Feasibility of Early Automated Vital Sign Instability Detection in Children Admitted to the Pediatric Intensive Care Unit

Georg Seidel1, Srinivas Murthy2, Cheryl Peters2, Philipp Rostalski1, Matthias Görges2
1Universität zu Lübeck, 2The University of British Columbia


Abstract

Children admitted to the Pediatric Intensive Care Unit (PICU) are at risk of deterioration, which if left untreated or undetected can result in cardiac arrest. Outcomes after pediatric cardiac arrest, even for witnessed, in-hospital events, remain poor. Thus, early detection of deterioration is paramount; ideally, long before the risk of harm has increased. However, a low false positive rate is also important, to avoid alarm fatigue. The purpose of this work was to develop an algorithm for early detection of deterioration by analyzing instabilities that lead to cardiac arrest in local vital signs data.

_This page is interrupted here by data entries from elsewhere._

lemma rev_word_inverse: "w \<in> lists S \<Longrightarrow> rev w @ w \<simeq> []"
  using word_rev_inverse[of "rev w"] by (simp add: in_lists_conv_set)

lemma cancel_left: "c \<in> lists S \<Longrightarrow> c @ x \<simeq> c @ y \<Longrightarrow> x \<simeq> y"
proof -
  assume c: "c \<in> lists S" and h: "c @ x \<simeq> c @ y"
  have "x \<simeq> (rev c @ c) @ x" using ceq_app_r[OF rev_word_inverse[OF c], of x] by (simp add: ceq_sym)
  also have "\<dots> = rev c @ (c @ x)" by simp
  also have "\<dots> \<simeq> rev c @ (c @ y)" using h by (rule ceq_app_l)
  also have "\<dots> = (rev c @ c) @ y" by simp
  also have "\<dots> \<simeq> y" using ceq_app_r[OF rev_word_inverse[OF c], of y] by simp
  finally show ?thesis .
qed

lemma move_right: "c \<in> lists S \<Longrightarrow> x @ c \<simeq> y \<Longrightarrow> x \<simeq> y @ rev c"
proof -
  assume c: "c \<in> lists S" and h: "x @ c \<simeq> y"
  have "x \<simeq> x @ (c @ rev c)" using ceq_app_l[OF word_rev_inverse[OF c], of x] by (simp add: ceq_sym)
  also have "\<dots> = (x @ c) @ rev c" by simp
  also have "\<dots> \<simeq> y @ rev c" using h by (rule ceq_app_r)
  finally show ?thesis .
qed

lemma cancel_right: "c \<in> lists S \<Longrightarrow> x @ c \<simeq> y @ c \<Longrightarrow> x \<simeq> y"
  using move_right[of c x "y @ c"] ceq_app_l[OF word_rev_inverse, of c y]
  by (auto intro: ceq_trans)

text \<open>Its parity is an invariant of the element of \<open>W\<close> represented by \<open>w\<close>;
  this replaces the usual action of \<open>W\<close> on \<open>T \<times> {\<plusminus>1}\<close>.\<close>

definition refl_count :: "'a list \<Rightarrow> 'a list \<Rightarrow> 'a list \<Rightarrow> nat" where
  "refl_count c w x = card {i. i < length w \<and> c @ refl_word w i @ rev c \<simeq> x}"

lemma refl_count_append: "refl_count c (a @ b) x = refl_count c a x + refl_count (c @ a) b x"
proof -
  let ?A = "{i. i < length a \<and> c @ refl_word a i @ rev c \<simeq> x}"
  let ?B = "{i. i < length b \<and> (c @ a) @ refl_word b i @ rev (c @ a) \<simeq> x}"
  have eq: "{i. i < length (a @ b) \<and> c @ refl_word (a @ b) i @ rev c \<simeq> x} = ?A \<union> (\<lambda>i. length a + i) ` ?B"
  proof (rule set_eqI)
    fix i
    show "i \<in> {i. i < length (a @ b) \<and> c @ refl_word (a @ b) i @ rev c \<simeq> x} \<longleftrightarrow> i \<in> ?A \<union> (\<lambda>i. length a + i) ` ?B"
    proof (cases "i < length a")
      case True then show ?thesis by (auto simp: refl_word_append_left)
    next
      case False
      then obtain j where j: "i = length a + j" by (metis add_diff_inverse)
      show ?thesis using False j by (auto simp: refl_word_append_right)
    qed
  qed
  have "card (?A \<union> (\<lambda>i. length a + i) ` ?B) = card ?A + card ?B"
    by (subst card_Un_disjoint) (auto simp: card_image inj_on_def)
  with eq show ?thesis unfolding refl_count_def by simp
qed
text \<open>Equality in Cauchy--Schwarz forces \<open>(W \<otimes> I) \<psi> = \<omega> \<psi>\<close>; reading this
  off the Schmidt decomposition of \<open>\<psi>\<close> term by term shows that \<open>W\<close> acts as the
  phase \<open>\<omega>\<close> on every \<open>\<xi>\<^sub>k\<close>.\<close>
lemma unit_fidelity_schmidt_phase:
  assumes W: "unitary W" and \<zeta>: "orthonormal_fam \<zeta> r" and c: "\<forall>k<r. c k > 0"
    and \<psi>: "\<psi> = (\<Sum>k<r. sqrt (c k) *\<^sub>R tprod (\<xi> k) (\<zeta> k))"
    and unit: "cinner \<psi> \<psi> = 1" and fid: "cmod (cinner \<psi> (tens_id W \<psi>)) = 1"
  shows "\<exists>\<omega>. cmod \<omega> = 1 \<and> (\<forall>k<r. W *v \<xi> k = \<omega> *s \<xi> k)"
proof -
  define \<omega> where "\<omega> = cinner \<psi> (tens_id W \<psi>)"
  have "tens_id W \<psi> = \<omega> *s \<psi>"
    unfolding \<omega>_def using W unit fid by (intro cinner_eq_scale_if_cmod_eq_1) (simp_all add: unitary_tens_id_cinner)
  have "W *v \<xi> l = \<omega> *s \<xi> l" if l: "l < r" for l
  proof -
    have "sqrt (c l) *\<^sub>R (W *v \<xi> l) = partial_cinner (\<zeta> l) (tens_id W \<psi>)"
      by (simp add: \<psi> tens_id_sum tens_id_scaleR tens_id_tprod partial_cinner_schmidt[OF \<zeta> l])
    also have "\<dots> = sqrt (c l) *\<^sub>R (\<omega> *s \<xi> l)"
      unfolding \<open>tens_id W \<psi> = \<omega> *s \<psi>\<close>
      by (simp add: partial_cinner_scale \<psi> partial_cinner_schmidt[OF \<zeta> l])
        (simp add: vec_eq_iff scaleR_conv_of_real mult.left_commute)
    finally show ?thesis using c l by force
  qed
  then show ?thesis using fid \<omega>_def by blast
qed
lemma no_pole_chords_in_component:
  assumes "sym E" "\<forall>x y. \<not> transitive_edge V E x y" "\<not> has_K4_subdivision V E"
    and C: "conn_component E (V - {s, t}) C"
    and q: "path_in E V q" "hd q = s" "last q = t" "set q \<inter> C = {}"
  shows "path_in E V (s # v1 # v2 # r @ [t]) \<Longrightarrow> set (v1 # v2 # r) \<subseteq> C \<Longrightarrow> (v2, s) \<notin> E"
    and "path_in E V (t # v1 # v2 # r @ [s]) \<Longrightarrow> set (v1 # v2 # r) \<subseteq> C \<Longrightarrow> (v2, t) \<notin> E"
proof -
  show "(v2, s) \<notin> E" if "path_in E V (s # v1 # v2 # r @ [t])" "set (v1 # v2 # r) \<subseteq> C"
    using K4_of_pole_chord_in_component[OF assms(1,2) C that q] assms(3) by blast
  have "conn_component E (V - {t, s}) C"
    using C by (simp add: insert_commute)
  moreover have "path_in E V (rev q)" "hd (rev q) = t" "last (rev q) = s" "set (rev q) \<inter> C = {}"
    using q path_in_rev[OF assms(1)] by (auto simp: hd_rev last_rev)
  ultimately show "(v2, t) \<notin> E" if "path_in E V (t # v1 # v2 # r @ [s])" "set (v1 # v2 # r) \<subseteq> C"
    using K4_of_pole_chord_in_component[OF assms(1,2) _ that] assms(3) by blast
qed

lemma light_component_st_path_length:
  assumes "sym E" "\<forall>x y. \<not> transitive_edge V E x y" "\<not> has_K4_subdivision V E"
    and C: "conn_component E (V - {s, t}) C" "\<forall>v\<in>C. (v, s) \<in> E \<or> (v, t) \<in> E"
    and q: "path_in E V q" "hd q = s" "last q = t" "set q \<inter> C = {}"
    and p: "path_in E V p" "hd p = s" "last p = t" "set p \<subseteq> {s, t} \<union> C"
  shows "length p \<le> 4"
proof (rule ccontr)
  assume "\<not> length p \<le> 4"
  then obtain x0 v1 a r0 w1 w where "p = x0 # v1 # a # r0 @ [w1, w]"
    using five_le_lengthE[of p] by fastforce
  then have p_eq: "p = s # v1 # a # r0 @ [w1, t]"
    using p(2,3) by simp
  have interior: "set (v1 # a # r0 @ [w1]) \<subseteq> C"
    using p(1,4) unfolding p_eq by (auto simp: path_in_iff)
  note no_chord = no_pole_chords_in_component[OF assms(1-3) C(1) q]
  have "path_in E V (rev p)"
    using p(1) path_in_rev[OF assms(1)] by blast
  have "(a, s) \<notin> E"
    using no_chord(1)[of v1 a "r0 @ [w1]"] p(1) interior unfolding p_eq by simp
  then have "(a, t) \<in> E"
    using C(2) interior by auto
  show False
  proof (cases r0 rule: rev_cases)
    case Nil
    then show False
      using no_chord(2)[of w1 a "[v1]"] \<open>path_in E V (rev p)\<close> interior \<open>(a, t) \<in> E\<close>
      unfolding p_eq by simp
  next
    case (snoc m b)
    then have "(b, t) \<notin> E"
      using no_chord(2)[of w1 b "rev m @ [a, v1]"] \<open>path_in E V (rev p)\<close> interior
      unfolding p_eq by simp
    then have "(b, s) \<in> E"
      using C(2) interior snoc by auto
    moreover have "path_in E V (s # [v1] @ a # m @ b # [w1] @ [t])"
      using p(1) unfolding p_eq snoc by simp
    moreover have "set q \<inter> set ([v1] @ a # m @ b # [w1]) = {}"
      using q(4) interior snoc by auto
    ultimately show False
      using K4_of_crossing_chords[OF assms(1) _ q(1-3)] \<open>(a, t) \<in> E\<close> assms(3) by blast
  qed
qed

lemma heavy_component_long_st_path:
  assumes "biconnected V E" "s \<in> V" "t \<in> V" "s \<noteq> t" "conn_component E (V - {s, t}) C"
    and "heavy E s t ({s, t} \<union> C)"
  shows "\<exists>p. path_in E V p \<and> hd p = s \<and> last p = t \<and> set p \<subseteq> {s, t} \<union> C \<and> 5 \<le> length p"
proof -
  obtain x where x: "x \<in> C" "(x, s) \<notin> E" "(x, t) \<notin> E"
    using assms(6) unfolding heavy_def by auto
  then obtain p where p: "path_in E V p" "hd p = s" "last p = t" "set p \<subseteq> {s, t} \<union> C" "x \<in> set p"
    using st_path_through_conn_component[OF assms(1-5)] by metis
  moreover have "x \<notin> {s, t}"
    using assms(5) x(1) by (auto simp: conn_component_def)
  ultimately have "5 \<le> length p"
    using length_path_in_through_non_neighbour[OF biconnectedD(2)[OF assms(1)]] x(2,3) by metis
  then show ?thesis
    using p by blast
qed

lemma long_st_path_heavy_component:
  assumes "series_parallel V E" "\<forall>x y. \<not> transitive_edge V E x y" "separation_pair V E s t"
    and C: "conn_component E (V - {s, t}) C"
    and p: "path_in E V p" "hd p = s" "last p = t" "set p \<subseteq> {s, t} \<union> C" "5 \<le> length p"
  shows "heavy E s t ({s, t} \<union> C)"
proof (rule ccontr)
  assume "\<not> heavy E s t ({s, t} \<union> C)"
  then have "\<forall>v\<in>C. (v, s) \<in> E \<or> (v, t) \<in> E"
    using C unfolding heavy_def by (auto simp: conn_component_def)
  moreover have bic: "biconnected V E" and "\<not> has_K4_subdivision V E"
    using assms(1) by (auto simp: series_parallel_def)
  moreover obtain q where "path_in E V q" "hd q = s" "last q = t" "set q \<inter> C = {}"
    using st_path_avoiding_conn_component[OF bic assms(3) C] by blast
  ultimately have "length p \<le> 4"
    using light_component_st_path_length[OF biconnectedD(2)[OF bic] assms(2) _ C] p(1-4) by blast
  then show False
    using p(5) by simp
qed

With ethics board approval, 8-hour segments of vital signs data from children admitted to BC Children’s Hospital’s PICU were extracted from a local database (n=96) and split, by patient, into training (n=67) and test (n=29) sets. A rule-based algorithm was chosen for its simplicity and transparency to gain acceptance among physicians. It detects vital sign instabilities based on variability, deviations from previous states, and the integral between baseline and trend. Thresholds were used to trigger potential events if multiple rules agreed on a potential event. A PICU attending physician provided the ground truth for episodes indicative of vital signs instability or their absence. Algorithm performance was calculated by splitting the trend data into 15-minute episodes, and counting the number of expected and predicted instabilities within these blocks.

Using the test data, the proposed algorithm detected 91.6% of episodes correctly (92.4% in the training data), with 83.5% true negatives, 8% true positives, 3% false positives and 6% false negatives. Thus, the specificity was 96.8% and the sensitivity 59.2% with the test data.

The rule-based algorithm demonstrated a clinically adequate performance. Feedback from a second physician indicated the need to include longer-term changes to anticipate future deterioration, which will be explored in future work.